Qu’est-ce que je fichais en Inde ? Le manipulateur de vortex était formel, c’était bien ma position. Je tentai de me téléporter ailleurs, sans résultat. J’essayai ensuite un bond temporel, mais ce ne fut pas mieux. Agacé, je demandai un rapport d’erreur au manipulateur de vortex.

Action, Voyage Temporel : Impossible.
Raison : Perturbation anormale de la structure temporelle.
Type : Superposition d’une double existence de l’année 2007.

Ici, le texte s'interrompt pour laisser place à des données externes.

text \<open>Both edge rings are monomial algebras, so membership is decided exponent by exponent.
  Since k[G] contains only Laurent monomials in the x_i, clearing a monomial denominator puts
  k(G) inside k(x), and replacing each directed edge (i,j) by the product of -i t and +t j
  shows k[G] \<subseteq> k[G~]. Conversely, let f/g = p/q with p, q in k[G~] and also f/g = p'/q'
  with p', q' in k[x]. Then p q' = p' q, and since p', q' do not involve the t-variables, the
  components of p and q of one fixed t-degree still represent f/g. On a component of t-degree
  (d_1,...,d_m), multiplying by the inverse of the monomial \<Prod> (t_k x_{head k})^{d_k} turns
  every exponent of k[G~] into one of k[G]: the generator -i t_k becomes the directed edge
  x_{head k}/x_i, and +t_k x_{head k} becomes 1.\<close>

text \<open>Only needed so that the library's \<open>idom\<close> instance applies to Laurent polynomials: it
  orders the exponent vectors, and for that it requires a linear order on the variables.\<close>
instantiation sum :: (linorder, linorder) linorder
begin

definition less_eq_sum :: "'a + 'b \<Rightarrow> 'a + 'b \<Rightarrow> bool" where
  "less_eq_sum x y = (case x of
      Inl a \<Rightarrow> (case y of Inl b \<Rightarrow> a \<le> b | Inr _ \<Rightarrow> True)
    | Inr a \<Rightarrow> (case y of Inl _ \<Rightarrow> False | Inr b \<Rightarrow> a \<le> b))"

definition less_sum :: "'a + 'b \<Rightarrow> 'a + 'b \<Rightarrow> bool" where
  "less_sum x y = (x \<le> y \<and> \<not> y \<le> x)"

instance
  by standard (auto simp: less_eq_sum_def less_sum_def split: sum.splits)

end

section \<open>Monomial algebras\<close>

lemma monom_add: "monom (a + b) = (monom a * monom b :: 'k::field laurent)"
  by (simp add: monom_def mult_single)

lemma monom_zero: "monom 0 = (1 :: 'k::field laurent)"
  by (simp add: monom_def)

lemma monom_nonzero: "monom a \<noteq> (0 :: 'k::field laurent)"
  by (metis lookup_single_eq lookup_zero monom_def zero_neq_one)

lemma alg_gen_one: "1 \<in> alg_gen A"
  using alg_gen.const[of 1 A] by simp

lemma alg_gen_sum: "(\<And>i. i \<in> I \<Longrightarrow> h i \<in> alg_gen A) \<Longrightarrow> sum h I \<in> alg_gen A"
  by (induction I rule: infinite_finite_induct)
    (auto intro: alg_gen.add alg_gen.const[of 0, simplified])

inductive_set monoid_gen :: "'a::monoid_add set \<Rightarrow> 'a set" for A where
  zero: "0 \<in> monoid_gen A"
| gen: "a \<in> A \<Longrightarrow> a \<in> monoid_gen A"
| add: "a \<in> monoid_gen A \<Longrightarrow> b \<in> monoid_gen A \<Longrightarrow> a + b \<in> monoid_gen A"

lemma monoid_gen_hom:
  assumes "\<And>a b. h (a + b) = h a + h b" and "h 0 = 0"
    and "\<And>a. a \<in> A \<Longrightarrow> h a \<in> monoid_gen B"
    and "a \<in> monoid_gen A"
  shows "h a \<in> monoid_gen B"
  using assms(4) by induction (auto simp: assms(1-3) intro: monoid_gen.intros)

lemma monoid_gen_subset: "A \<subseteq> monoid_gen B \<Longrightarrow> a \<in> monoid_gen A \<Longrightarrow> a \<in> monoid_gen B"
  using monoid_gen_hom[of id A B a] by auto

lemma poly_mapping_sum_singles:
  "r = (\<Sum>a\<in>Poly_Mapping.keys r. Poly_Mapping.single a (Poly_Mapping.lookup r a))"
  by (rule poly_mapping_eqI) (simp add: lookup_sum lookup_single when_def in_keys_iff)

lemma mem_alg_gen_monom_iff:
  "(r :: 'k::field laurent) \<in> alg_gen (monom ` A) \<longleftrightarrow> Poly_Mapping.keys r \<subseteq> monoid_gen A"
proof
  assume "r \<in> alg_gen (monom ` A)"
  then show "Poly_Mapping.keys r \<subseteq> monoid_gen A"
  proof induction
    case (add p q)
    then show ?case
      using keys_add[of p q] by blast
  next
    case (mult p q)
    then show ?case
      using keys_mult[of p q] by (blast intro: monoid_gen.add)
  qed (auto simp: monom_def intro: monoid_gen.intros)
next
  have monom_mem: "(monom a :: 'k laurent) \<in> alg_gen (monom ` A)" if "a \<in> monoid_gen A" for a
    using that
    by induction (auto simp: monom_zero monom_add alg_gen_one intro: alg_gen.gen alg_gen.mult)
  have single_mem: "(Poly_Mapping.single a c :: 'k laurent) \<in> alg_gen (monom ` A)"
    if "a \<in> monoid_gen A" for a c
  proof -
    have "(Poly_Mapping.single a c :: 'k laurent) = Poly_Mapping.single 0 c * monom a"
      by (simp add: monom_def mult_single)
    then show ?thesis
      using alg_gen.mult[OF alg_gen.const monom_mem[OF that]] by simp
  qed
  assume "Poly_Mapping.keys r \<subseteq> monoid_gen A"
  then show "r \<in> alg_gen (monom ` A)"
    by (subst poly_mapping_sum_singles) (auto intro!: alg_gen_sum single_mem)
qed

lemma alg_gen_monomial_multiplier:
  assumes "\<And>x. x \<in> A \<Longrightarrow> \<exists>c. monom c \<in> alg_gen B \<and> monom c * x \<in> alg_gen B"
    and "p \<in> alg_gen A"
  shows "\<exists>c. monom c \<in> alg_gen B \<and> monom c * (p :: 'k::field laurent) \<in> alg_gen B"
  using assms(2)
proof induction
  case (const c)
  then show ?case
    by (metis alg_gen.const alg_gen_one monom_zero mult_1)
next
  case (gen a)
  then show ?case
    by (rule assms(1))
next
  case (add p q)
  then obtain c d where "monom c \<in> alg_gen B" "monom c * p \<in> alg_gen B"
    and "monom d \<in> alg_gen B" "monom d * q \<in> alg_gen B"
    by blast
  moreover have "monom (c + d) * (p + q) = monom d * (monom c * p) + monom c * (monom d * q)"
    by (simp add: monom_add algebra_simps)
  ultimately show ?case
    by (metis alg_gen.add alg_gen.mult monom_add)
next
  case (mult p q)
  then obtain c d where "monom c \<in> alg_gen B" "monom c * p \<in> alg_gen B"
    and "monom d \<in> alg_gen B" "monom d * q \<in> alg_gen B"
    by blast
  moreover have "monom (c + d) * (p * q) = (monom c * p) * (monom d * q)"
    by (simp add: monom_add algebra_simps)
  ultimately show ?case
    by (metis alg_gen.mult monom_add)
qed

lemma in_frac_mono: "A \<subseteq> B \<Longrightarrow> in_frac A f g \<Longrightarrow> in_frac B f g"
  unfolding in_frac_def by blast

lemma in_frac_monom_mult:
  assumes "monom c * p \<in> A" and "monom c * q \<in> A" and "q \<noteq> 0" and "f * q = p * g"
  shows "in_frac A f g"
proof -
  have "f * (monom c * q) = (monom c * p) * g"
    using assms(4) by (metis mult.assoc mult.left_commute)
  moreover have "monom c * q \<noteq> 0"
    using assms(3) monom_nonzero by simp
  ultimately show ?thesis
    unfolding in_frac_def using assms(1,2) by blast
qed

lift_definition restrict_keys :: "('a \<Rightarrow> bool) \<Rightarrow> ('a \<Rightarrow>\<^sub>0 'b::zero) \<Rightarrow> 'a \<Rightarrow>\<^sub>0 'b"
  is "\<lambda>P r a. if P a then r a else 0"
  by (erule finite_subset[rotated]) auto

lemma lookup_restrict_keys:
  "Poly_Mapping.lookup (restrict_keys P r) a = (if P a then Poly_Mapping.lookup r a else 0)"
  by transfer simp

lemma keys_restrict_keys: "Poly_Mapping.keys (restrict_keys P r) = {a \<in> Poly_Mapping.keys r. P a}"
  by (auto simp: in_keys_iff lookup_restrict_keys split: if_splits)

lemma restrict_keys_add: "restrict_keys P (r + s) = restrict_keys P r + restrict_keys P s"
  by (rule poly_mapping_eqI) (simp add: lookup_restrict_keys lookup_add)

lemma restrict_keys_mult_invariant:
  fixes s :: "'a::monoid_add \<Rightarrow>\<^sub>0 'b::semiring_0"
  assumes invariant: "\<And>a b. b \<in> Poly_Mapping.keys s \<Longrightarrow> P (a + b) = P a"
  shows "restrict_keys P (r * s) = restrict_keys P r * s"
proof -
  \<comment> \<open>Multiplying by s never moves a key into or out of P.\<close>
  have keep: "restrict_keys P (restrict_keys P r * s) = restrict_keys P r * s"
    by (rule poly_mapping_eqI)
      (use keys_mult[of "restrict_keys P r" s] in
        \<open>force simp: lookup_restrict_keys in_keys_iff keys_restrict_keys invariant\<close>)
  have drop: "restrict_keys P (restrict_keys (Not \<circ> P) r * s) = 0"
    by (rule poly_mapping_eqI)
      (use keys_mult[of "restrict_keys (Not \<circ> P) r" s] in
        \<open>force simp: lookup_restrict_keys in_keys_iff keys_restrict_keys invariant\<close>)
  have "r = restrict_keys P r + restrict_keys (Not \<circ> P) r"
    by (rule poly_mapping_eqI) (simp add: lookup_restrict_keys lookup_add)
  then have "restrict_keys P (r * s)
      = restrict_keys P (restrict_keys P r * s) + restrict_keys P (restrict_keys (Not \<circ> P) r * s)"
    by (metis distrib_right restrict_keys_add)
  then show ?thesis
    using keep drop by simp
qed

section \<open>The edge ring and the augmented edge ring\<close>

definition edge_exponents :: "(bool \<times> nat \<times> nat) set \<Rightarrow> (nat \<times> nat) list \<Rightarrow> expo set" where
  "edge_exponents S D = (\<lambda>(b,i,j). rho_signed (b, Inl i, Inl j)) ` S \<union> rho_dir ` set D"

Qu’est-ce que c’était que ce baratin ? Je demandai une traduction plus simple. Le manipulateur de vortex expliquait simplement que, pour une raison inconnue, l’année 2007, sur Terre, avait été dédoublé. Je me trouvais actuellement sur la première bande temporelle, qui, selon l’expert, serait réécrit, d’où la double existence d’une année 2007. Pour cette raison, il m’était impossible d’utiliser la téléportation ou d’effectuer un bond temporel. Je réfléchis à toute vitesse. J’étais déjà arrivé une fois en 2007. J’avais atterris à cette époque par la faille de Cardiff. Si je trouvais une faille, je devrais donc être en mesure de passer outre cette indisponibilité. Car le manipulateur, lors de ses bonds temporels, suit ou remonte le cours du temps. C’était pour ça que j’avais atterris sur la première bande temporelle, plutôt que la seconde. En arrivant du passé, et sans connaître cette particularité, cela ne pouvait être autrement. Si j’étais arrivé du futur, j’aurais atterris sur la seconde bande temporelle, ce qui m’aurait permis d’utiliser pleinement les capacité du manipulateur de vortex. Les failles, elles, ne sont pas des existences temporelles. Elles ne sont donc pas soumises au cours du temps. Elles peuvent s’y connecter comme elles le souhaitent, indépendamment de ces anomalies. De plus, comme cela avait été mon cas, elles réalisent le souhait de ceux qu’elles absorbent, tant qu’il s’agit d’une place dans l’univers, évidemment.
Mais un détail, me fit frissonner. A ce moment là, quand la faille m’avait absorbé, j’étais en danger, et la faille m’avait transféré sur la seconde bande de 2007. Cela voulait donc dire que la première bande temporelle était dangereuse, sur Terre en tout cas. Mieux valait donc ne pas m’y attarder. Si je parvenais à trouver une faille, je pourrais partir, mais ou pouvais-je en trouver une ? Je m’en souvins d’un coup, Torchwood m’avait raconté, longtemps auparavant, qu’il possédait des instituts dans tous les pays ayant été colonisé par la Grande Bretagne après 1879. Or, l’Inde en faisait partie. Il devait donc y avoir un institut pas trop loin. Un rapide scan me permit de trouver ou se trouvait la faille, ce qui fut relativement simple. Puis, je me mis en marche.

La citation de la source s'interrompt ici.